Concrete delamination is the separation of the paste layer at the surface, creating an unbonded concrete layer between there and the slab body. This issue develops with troweled concrete, commonly during the early spring and late fall with concrete placement on a cool subgrade. Though it’s primarily driven by rising daytime temperatures, the separation may happen at any time depending on the concrete characteristics and which finishing practices were used.
What Part Of The Concrete Is Affected By Delamination?
Usually, it’s the top 1/8- to 1/4-inch which densifies. This is mostly due to premature and improper finishing and a thin layer of air or water causing the separation. An affected area may range in size depending on the severity of the delamination, from several square inches to square feet.
Cracking and color differences commonly develop on the surface when the thin surface dries too rapidly during the curing process. Conversely, freezing and/or traffic may cause large pieces of the surface to break away.
What Causes Delaminated Concrete?
Densifying or sealing a fresh concrete surface by troweling while the underlying concrete is plastic and is bleeding and/or releasing air. While delaminations generally form after floating and the first troweling pass, they can develop during the floating step if the fresh surface is overworked and densified.
The risk of delaminated concrete increases when conditions for rapid drying of the surface are present, such as low humidity, sun, and wind. This is because the conditions cause the surface to appear ready for troweling when in fact the concrete below is still plastic.
Nine Factors Of Delamination
When the initial setting of the concrete is delayed, and rate of bleeding reduced, the chances for delaminations increases. While they can occur under a range of circumstances, it’s more common when these nine factors are present:
- A cool subgrade causes the underlying concrete to set more slowly;
- The concrete temperature or mixture ingredients impedes the concrete setting;
- Entrained air is present in the concrete, or the overall air content is higher than wanted for the specific application;
- Higher cementitious material or sand-fines content have created a sticky concrete mixture;
- Environmental conditions have created a rapid drying situation, in turn causing a crust-like surface and the appearance that its ready to finish;
- Excessive vibration draws too much mortar to the surface;
- Using a dry shake, especially with air-entrained concrete;
- A thick concrete slab; and
- The slab placement is directly on top of a vapor retarder.
Delamination Caused By Corrosion
This situation happens when reinforcing steel in the upper layer rusts which breaks the bonding between the steel and surrounding concrete. It’s more apt to occur with a thin concrete cover and with permeable concrete which allows chloride penetration to the steel layer.
How Can I Prevent Concrete Delamination & Spalling?

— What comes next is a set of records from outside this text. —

lemma sum_sum_symmetric_inner_diff_nonpos:
  fixes w :: "nat \<Rightarrow> nat \<Rightarrow> real" and u :: "nat \<Rightarrow> 'a::real_inner"
  assumes sym: "\<And>i k. w i k = w k i" and nonneg: "\<And>i k. 0 \<le> w i k"
  shows "(\<Sum>i<N. \<Sum>k<N. w i k * inner (u i) (u k - u i)) \<le> 0"
proof -
  let ?S = "\<Sum>i<N. \<Sum>k<N. w i k * inner (u i) (u k - u i)"
  have "?S = (\<Sum>i<N. \<Sum>k<N. w i k * inner (u k) (u i - u k))"
    using sum.swap[of "\<lambda>i k. w i k * inner (u i) (u k - u i)"] sym by simp
  then have "?S + ?S = ?S + (\<Sum>i<N. \<Sum>k<N. w i k * inner (u k) (u i - u k))"
    by simp
  also have "\<dots> = (\<Sum>i<N. \<Sum>k<N. w i k * (inner (u i) (u k - u i) + inner (u k) (u i - u k)))"
    by (simp add: sum.distrib[symmetric] distrib_left)
  also have "\<dots> = (\<Sum>i<N. \<Sum>k<N. - (w i k * inner (u k - u i) (u k - u i)))"
    by (intro sum.cong refl) (simp add: inner_diff_left inner_diff_right inner_commute algebra_simps)
  also have "\<dots> \<le> 0"
    by (intro sum_nonpos) (simp add: nonneg)
  finally show ?thesis by simp
qed

lemma bounded_DERIV_imp_lipschitz_on:
  fixes f :: "real \<Rightarrow> real"
  assumes "convex S" "\<And>x. x \<in> S \<Longrightarrow> (f has_real_derivative f' x) (at x within S)"
    and "\<And>x. x \<in> S \<Longrightarrow> \<bar>f' x\<bar> \<le> B" "0 \<le> B"
  shows "B-lipschitz_on S f"
  using field_differentiable_bound[OF assms(1,2)] assms(3,4)
  by (intro lipschitz_onI) (auto simp: dist_norm)

lemma lipschitz_on_concat_atLeast:
  fixes f :: "real \<Rightarrow> 'a::metric_space"
  assumes f: "L-lipschitz_on {a..b} f" and g: "L-lipschitz_on {b..} f"
  shows "L-lipschitz_on {a..} f"
proof (rule lipschitz_onI)
  fix x y assume "x \<in> {a..}" "y \<in> {a..}"
  have "L-lipschitz_on {a..max x y} (\<lambda>s. if s \<le> b then f s else f s)"
    by (intro lipschitz_on_concat f lipschitz_on_subset[OF g]) auto
  then show "dist (f x) (f y) \<le> L * dist x y"
    using \<open>x \<in> {a..}\<close> \<open>y \<in> {a..}\<close> by (auto intro: lipschitz_onD)
qed (rule lipschitz_on_nonneg[OF f])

Know The Weather Conditions
In cooler weather, accelerators or heated concrete are widely known to stop delamination from occurring.

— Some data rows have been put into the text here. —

(* The dual form of the full rank of the inclusion matrix of a-sets versus b-sets of S over a field
   in which no binomial coefficient below b vanishes: the relations cut the contribution of the
   b-th layer to the dimension by card S choose a. *)
lemma dim_Un_layer_le_of_inclusion_relations:
  fixes \<Phi> :: "'c set \<Rightarrow> 'b"
  assumes "finite S" "finite B" "a \<le> b" "a + b \<le> card S"
    and "\<And>x y. y \<le> x \<Longrightarrow> x \<le> b \<Longrightarrow> of_nat (x choose y) \<noteq> (0::'a)"
    and "\<And>G. G \<subseteq> S \<Longrightarrow> card G = a \<Longrightarrow> (\<Sum>H\<in>supsets_of_card G S b. \<Phi> H) \<in> span B"
  shows "dim (B \<union> \<Phi> ` {H. H \<subseteq> S \<and> card H = b}) + (card S choose a) \<le> dim B + (card S choose b)"
  using assms
proof (induction S arbitrary: a b \<Phi> B rule: finite_induct)
  case empty
  then have "a = 0" "b = 0"
    by auto
  moreover have "(\<Sum>H\<in>{H. H \<subseteq> {} \<and> card H = b}. \<Phi> H) \<in> span B"
    using empty.prems(5)[of "{}"] \<open>a = 0\<close> by simp
  ultimately show ?case
    using dim_Un_layer_le_of_sum_in_span[of "{}" B b \<Phi>] empty.prems(1) by simp
next
  case (insert x S)
  have card_insert: "card (insert x S) = Suc (card S)"
    using insert.hyps by simp
  consider (zero) "a = 0" | (square) "a + b = card (insert x S)"
    | (step) a' b' where "a = Suc a'" "b = Suc b'" "a + b \<le> card S"
  proof (cases a)
    case (Suc a')
    moreover obtain b' where "b = Suc b'"
      using Suc insert.prems(2) Suc_le_D by blast
    ultimately show ?thesis
      using that(2,3) insert.prems(3) card_insert by (metis le_SucE)
  qed (use that(1) in blast)
  then show ?case
  proof cases
    case zero
    have "finite (insert x S)" "b \<le> card (insert x S)"
      using insert.hyps(1) insert.prems(3) zero by simp_all
    moreover have "(\<Sum>H\<in>{H. H \<subseteq> insert x S \<and> card H = b}. \<Phi> H) \<in> span B"
      using insert.prems(5)[of "{}"] zero by simp
    ultimately have "dim (B \<union> \<Phi> ` {H. H \<subseteq> insert x S \<and> card H = b}) + 1
        \<le> dim B + (card (insert x S) choose b)"
      using insert.prems(1) by (intro dim_Un_layer_le_of_sum_in_span)
    with zero show ?thesis
      by simp
  next
    case square
    show ?thesis
      using insert.hyps(1) insert.prems(1,2,4,5) square
      by (intro dim_Un_layer_le_of_square_inclusion_relations) simp_all
  next
    case step
    \<comment> \<open>the \<open>b\<close>-sets through \<open>x\<close> form the \<open>(a - 1, b - 1)\<close> problem on \<open>S\<close>,
      the others the \<open>(a, b)\<close> problem on \<open>S\<close> modulo the first ones\<close>
    define B1 where "B1 = B \<union> (\<lambda>H. \<Phi> (insert x H)) ` {H. H \<subseteq> S \<and> card H = b'}"
    have "finite B1"
      using insert.hyps insert.prems(1) by (simp add: B1_def)
    have "dim B1 + (card S choose a') \<le> dim B + (card S choose b')"
    proof (unfold B1_def, rule insert.IH)
      fix G assume "G \<subseteq> S" "card G = a'"
      then show "(\<Sum>H\<in>supsets_of_card G S b'. \<Phi> (insert x H)) \<in> span B"
        by (rule inclusion_relations_insert_link[OF insert.hyps(1,2) _ _ insert.prems(5)[unfolded step(1,2)]])
    qed (use insert.prems step in auto)
    moreover have "dim (B1 \<union> \<Phi> ` {H. H \<subseteq> S \<and> card H = b}) + (card S choose a) \<le> dim B1 + (card S choose b)"
    proof (rule insert.IH)
      fix G assume "G \<subseteq> S" "card G = a"
      then show "(\<Sum>H\<in>supsets_of_card G S b. \<Phi> H) \<in> span B1"
        unfolding B1_def step(2)
        by (rule inclusion_relations_insert_restrict[OF insert.hyps(1,2) _ _ insert.prems(5)[unfolded step(2)]])
    qed (use \<open>finite B1\<close> insert.prems step in auto)
    moreover have "B \<union> \<Phi> ` {H. H \<subseteq> insert x S \<and> card H = b} = B1 \<union> \<Phi> ` {H. H \<subseteq> S \<and> card H = b}"
      using supsets_of_card_insert[OF insert.hyps(1,2) empty_subsetI, of b'] step
      by (auto simp: B1_def)
    ultimately show ?thesis
      using step card_insert by simp
  qed
qed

Hesitate To Trowel A Surface Sooner Than Usual
If it appears a concrete surface is ready to be troweled sooner than is usually expected, beware. When finishing concrete, keep the focus on screeding, straight-edging, and floating the surface as fast as possible but without creating extra mortar layer and sealing the surface layer. Keep the float blades flat during the initial floating. This prevents premature surface densification.
Delay Final Finishing
Delayed finishing produces a smooth final surface. Remember to keep the surface covered, such as with polyethylene, to prevent evaporation.
Use A Granular Fill With A Vapor Retarder
When a vapor retarder is necessary, at least four inches of a compactible, trimmable granular fill between the concrete and retarder. Sand shouldn’t be used. The only time a concrete surface should be placed directly on a vapor retarder is when placing a moisture-sensitive floor covering on interior slabs.
Don’t Use Air-Entrained Concrete For Interior Floor Slabs
This generally applies to hard troweled surfaces and/or surfaces not subjected to either freeze-thaw cycles or a deicing salt application. If entrained air is necessary in the mixture, avoid using more than three percent air content.
Can I Repair A Delaminated Concrete Surface?
Yes. Patching is performed after removing the surface layer and thoroughly cleaning the underlying concrete. Grinding and laying a new surface may be necessary for extensive delamination. When steel corrosion is the culprit, sandblasting the steel is necessary for proper rust removal.
Rules For Avoiding Delaminations
- Don’t seal the concrete surface early. The air and bleed water below need a sufficient amount of time to escape to the surface.
- Avoid using dry shakes on air-entrained concrete.
- Promote even setting throughout the slab by using accelerated or heated concrete.
- If possible, never place concrete on top of a vapor retarder.
- If an interior slab requires a trowel finish, don’t use air-entrained concrete.
If the substrate temperature is less than 40 degrees Fahrenheit, don’t place the concrete.